Chapter 22

I can’t come home. Not yet. Not until the Citadel stops the digging, stops executing us, stops cutting off the hands of the workers, stops the leaching from Astola. I’m doing this for you. I’m doing this for Yaseema.

—Excerpt from letters from Zimran Nazir to Mahira Nazir, found in the journals of Mahira Nazir

Yaseema

Ramishah hadn’t said anything in our cell since we’d been arrested, and I wasn’t able to snap her out of her silence.

My hands were dry and cracked with blood, my hair was a tangled mess, and I felt like I’d been screaming for hours.

I’d acquired a few bruises from when the soldiers had dragged us down here, but they hadn’t done anything more than that.

Yet.

But what was worse was that I didn’t have the book, or the map, despite having it in my hands just hours before. I was so close to finding what I needed to finish what my mother started.

I’d failed before I’d even begun.

“Shit.” I put my head in my hands. “Shit, shit, shit.”

“Yaseema?”

Finally, Mishah’s voice pierced through the cold dungeon.

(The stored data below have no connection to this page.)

(* Let $((A_i,B_i))_{i\in\mathbb N}$ be a strictly increasing sequence of oriented separations of a graph $G$ such that $G[B_i]$ is connected for every $i$, and let $\{C,D\}$ be a separation of $G$ of finite order. If the sequence is exhaustive (i.e. $\bigcap_iB_i=\emptyset$), then there is $I\in\mathbb N$ such that either $(C,D)\le(A_i,B_i)$ for all $i\ge I$, or $(D,C)\le(A_i,B_i)$ for all $i\ge I$.
   Context: A separation of $G$ is an unordered pair $\{A,B\}$ of subsets of $V(G)$ with $A\cup B=V(G)$ and no edge between $A\setminus B$ and $B\setminus A$; its order is $|A\cap B|$. Oriented separations are ordered by $(A,B)\le(C,D)$ iff $A\subseteq C$ and $B\supseteq D$. *)

theory Defs
  imports Main
begin

definition graph :: "'a set \<Rightarrow> ('a \<Rightarrow> 'a \<Rightarrow> bool) \<Rightarrow> bool" where
  "graph V E \<longleftrightarrow> (\<forall>u v. E u v \<longrightarrow> u \<in> V \<and> v \<in> V \<and> E v u \<and> u \<noteq> v)"

definition separation :: "'a set \<Rightarrow> ('a \<Rightarrow> 'a \<Rightarrow> bool) \<Rightarrow> 'a set \<Rightarrow> 'a set \<Rightarrow> bool" where
  "separation V E A B \<longleftrightarrow> A \<union> B = V \<and> (\<forall>u\<in>A - B. \<forall>v\<in>B - A. \<not> E u v)"

definition sep_le :: "'a set \<times> 'a set \<Rightarrow> 'a set \<times> 'a set \<Rightarrow> bool" where
  "sep_le S T \<longleftrightarrow> fst S \<subseteq> fst T \<and> snd T \<subseteq> snd S"

definition sep_less :: "'a set \<times> 'a set \<Rightarrow> 'a set \<times> 'a set \<Rightarrow> bool" where
  "sep_less S T \<longleftrightarrow> sep_le S T \<and> S \<noteq> T"

definition induced_connected :: "'a set \<Rightarrow> ('a \<Rightarrow> 'a \<Rightarrow> bool) \<Rightarrow> 'a set \<Rightarrow> bool" where
  "induced_connected V E X \<longleftrightarrow> X \<subseteq> V \<and> X \<noteq> {} \<and>
     (\<forall>x\<in>X. \<forall>y\<in>X. (\<lambda>u v. u \<in> X \<and> v \<in> X \<and> E u v)\<^sup>*\<^sup>* x y)"

end

theory Submission
  imports Defs
begin

text \<open>From some index on, the decreasing sets \<open>B i\<close> miss the finite separator
  \<open>C \<inter> D\<close>. The connected graph \<open>G[B i]\<close> then lies on one side of \<open>{C, D}\<close>,
  which orients \<open>{C, D}\<close> below all later \<open>(A i, B i)\<close>.\<close>

lemma separation_sym:
  assumes "graph V E" and "separation V E C D"
  shows "separation V E D C"
  using assms unfolding graph_def separation_def by blast

lemma separation_path_stays_in_side:
  assumes "separation V E C D" and "X \<inter> C \<inter> D = {}" and "X \<subseteq> V"
    and "(\<lambda>u v. u \<in> X \<and> v \<in> X \<and> E u v)\<^sup>*\<^sup>* x y" and "x \<in> C - D"
  shows "y \<in> C - D"
  using assms(4,5)
proof (induction rule: rtranclp_induct)
  case (step y z)
  then show ?case using assms(1-3) unfolding separation_def by blast
qed simp

lemma induced_connected_in_one_side:
  assumes "graph V E" and "separation V E C D"
    and "induced_connected V E X" and "X \<inter> C \<inter> D = {}"
  shows "X \<subseteq> C - D \<or> X \<subseteq> D - C"
proof -
  have X: "X \<subseteq> V" "X \<noteq> {}"
    and path: "\<And>x y. x \<in> X \<Longrightarrow> y \<in> X \<Longrightarrow> (\<lambda>u v. u \<in> X \<and> v \<in> X \<and> E u v)\<^sup>*\<^sup>* x y"
    using assms(3) unfolding induced_connected_def by auto
  obtain x where x: "x \<in> X" using X(2) by blast
  have "x \<in> C - D \<or> x \<in> D - C"
    using x X(1) assms(2,4) unfolding separation_def by blast
  then show ?thesis
  proof
    assume "x \<in> C - D"
    then have "X \<subseteq> C - D"
      using separation_path_stays_in_side[OF assms(2,4) X(1) path[OF x]] by blast
    then show ?thesis ..
  next
    assume "x \<in> D - C"
    moreover have "X \<inter> D \<inter> C = {}" using assms(4) by blast
    ultimately have "X \<subseteq> D - C"
      using separation_path_stays_in_side[OF separation_sym[OF assms(1,2)] _ X(1) path[OF x]]
      by blast
    then show ?thesis ..
  qed
qed

lemma sep_le_if_snd_within_side:
  assumes "separation V E C D" and "A \<union> B = V" and "B \<subseteq> D - C"
  shows "sep_le (C, D) (A, B)"
  using assms unfolding separation_def sep_le_def by auto

lemma strictly_increasing_seps_antimono_snd:
  fixes i j :: nat
  assumes "\<forall>i j. i < j \<longrightarrow> sep_less (A i, B i) (A j, B j)" and "i \<le> j"
  shows "B j \<subseteq> B i"
proof (cases "i = j")
  case False
  then have "i < j" using assms(2) by simp
  then show ?thesis using assms(1) by (auto simp: sep_less_def sep_le_def)
qed simp

lemma decreasing_exhaustive_eventually_disjoint:
  fixes B :: "nat \<Rightarrow> 'a set"
  assumes "\<And>i j. i \<le> j \<Longrightarrow> B j \<subseteq> B i" and "(\<Inter>i. B i) = {}" and "finite S"
  shows "\<exists>I. B I \<inter> S = {}"
proof -
  have miss: "eventually (\<lambda>i. y \<notin> B i) sequentially" if "y \<in> S" for y
  proof -
    obtain k where "y \<notin> B k" using assms(2) by blast
    then show ?thesis unfolding eventually_sequentially using assms(1) by blast
  qed
  have "eventually (\<lambda>i. \<forall>y\<in>S. y \<notin> B i) sequentially"
    by (rule eventually_ball_finite[OF assms(3)]) (simp add: miss)
  then obtain I where "\<forall>i\<ge>I. \<forall>y\<in>S. y \<notin> B i"
    unfolding eventually_sequentially by blast
  then show ?thesis by blast
qed

theorem mainTheorem9:
  fixes V :: "'a set" and E :: "'a \<Rightarrow> 'a \<Rightarrow> bool"
    and A B :: "nat \<Rightarrow> 'a set" and C D :: "'a set"
  assumes "graph V E"
    and "\<forall>i. separation V E (A i) (B i)"
    and "\<forall>i j. i < j \<longrightarrow> sep_less (A i, B i) (A j, B j)"
    and "\<forall>i. induced_connected V E (B i)"
    and "separation V E C D"
    and "finite (C \<inter> D)"
    and "(\<Inter>i. B i) = {}"
  shows "\<exists>I. (\<forall>i\<ge>I. sep_le (C, D) (A i, B i)) \<or> (\<forall>i\<ge>I. sep_le (D, C) (A i, B i))"
proof -
  note antimono = strictly_increasing_seps_antimono_snd[OF assms(3)]
  obtain I where "B I \<inter> (C \<inter> D) = {}"
    using decreasing_exhaustive_eventually_disjoint[OF antimono assms(7,6)] by blast
  then have side: "B I \<subseteq> C - D \<or> B I \<subseteq> D - C"
    using induced_connected_in_one_side[OF assms(1,5)] assms(4) by (simp add: Int_assoc)
  have AB: "A i \<union> B i = V" for i
    using assms(2) by (simp add: separation_def)
  from side show ?thesis
  proof
    assume "B I \<subseteq> C - D"
    then have "\<forall>i\<ge>I. sep_le (D, C) (A i, B i)"
      using antimono
      by (meson order_trans sep_le_if_snd_within_side[OF separation_sym[OF assms(1,5)] AB])
    then show ?thesis by blast
  next
    assume "B I \<subseteq> D - C"
    then have "\<forall>i\<ge>I. sep_le (C, D) (A i, B i)"
      using antimono by (meson order_trans sep_le_if_snd_within_side[OF assms(5) AB])
    then show ?thesis by blast
  qed
qed

end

I huffed a breath, realizing it had taken me having a breakdown for her to actually respond. “Yes?”

“Are you okay?”

I considered her question and took stock of my injuries.

Swollen neck, scratchy throat, my side hurt for a reason I couldn’t fathom but likely came from the general’s body on top of mine as he tried to kill me.

And now I was locked in a cell without the one thing I needed.

I felt the prickles of annoyance. I was far from okay.

“I’m doing amazing, thanks,” I said, my voice laden with sarcasm.

“Thank you for saving me,” she whispered, ignoring my barb. Then her voice dropped low. “I can’t believe you killed the general.”

I released a breath and let my annoyance roll off me. I had chosen to get involved, and it was the right thing to do, despite where I was now.

Despite what I had lost.

It was what my mother would have wanted.

“You don’t need to thank me, Mishah. He was going to kill you.”

“I know. He cornered me in the hall, shouting that his food had been poisoned. I tried to escape and he wouldn’t let me. That’s when I slashed his face with the kitchen knife and bit him.”

I let out a surprised laugh that ended in a cough as it burned across my damaged throat. “You bit him?”

She sniffled a bit. “Yeah. Then he went berserk.”

“Good job.” I thought back to what he’d said during our fight. “Why did he ask me if we were working together?”

She released a heavy sigh. “He was obsessed with the Red Jasmine Rebellion—the rebels responsible for all the attacks. He thinks they are in the palace, attempting a coup. But a lowly kitchen girl like me isn’t going to risk her neck for the rebels.

They make everything harder for the rest of us.

If we comply with the Viceroy, then our families live. And I don’t want to cause trouble.”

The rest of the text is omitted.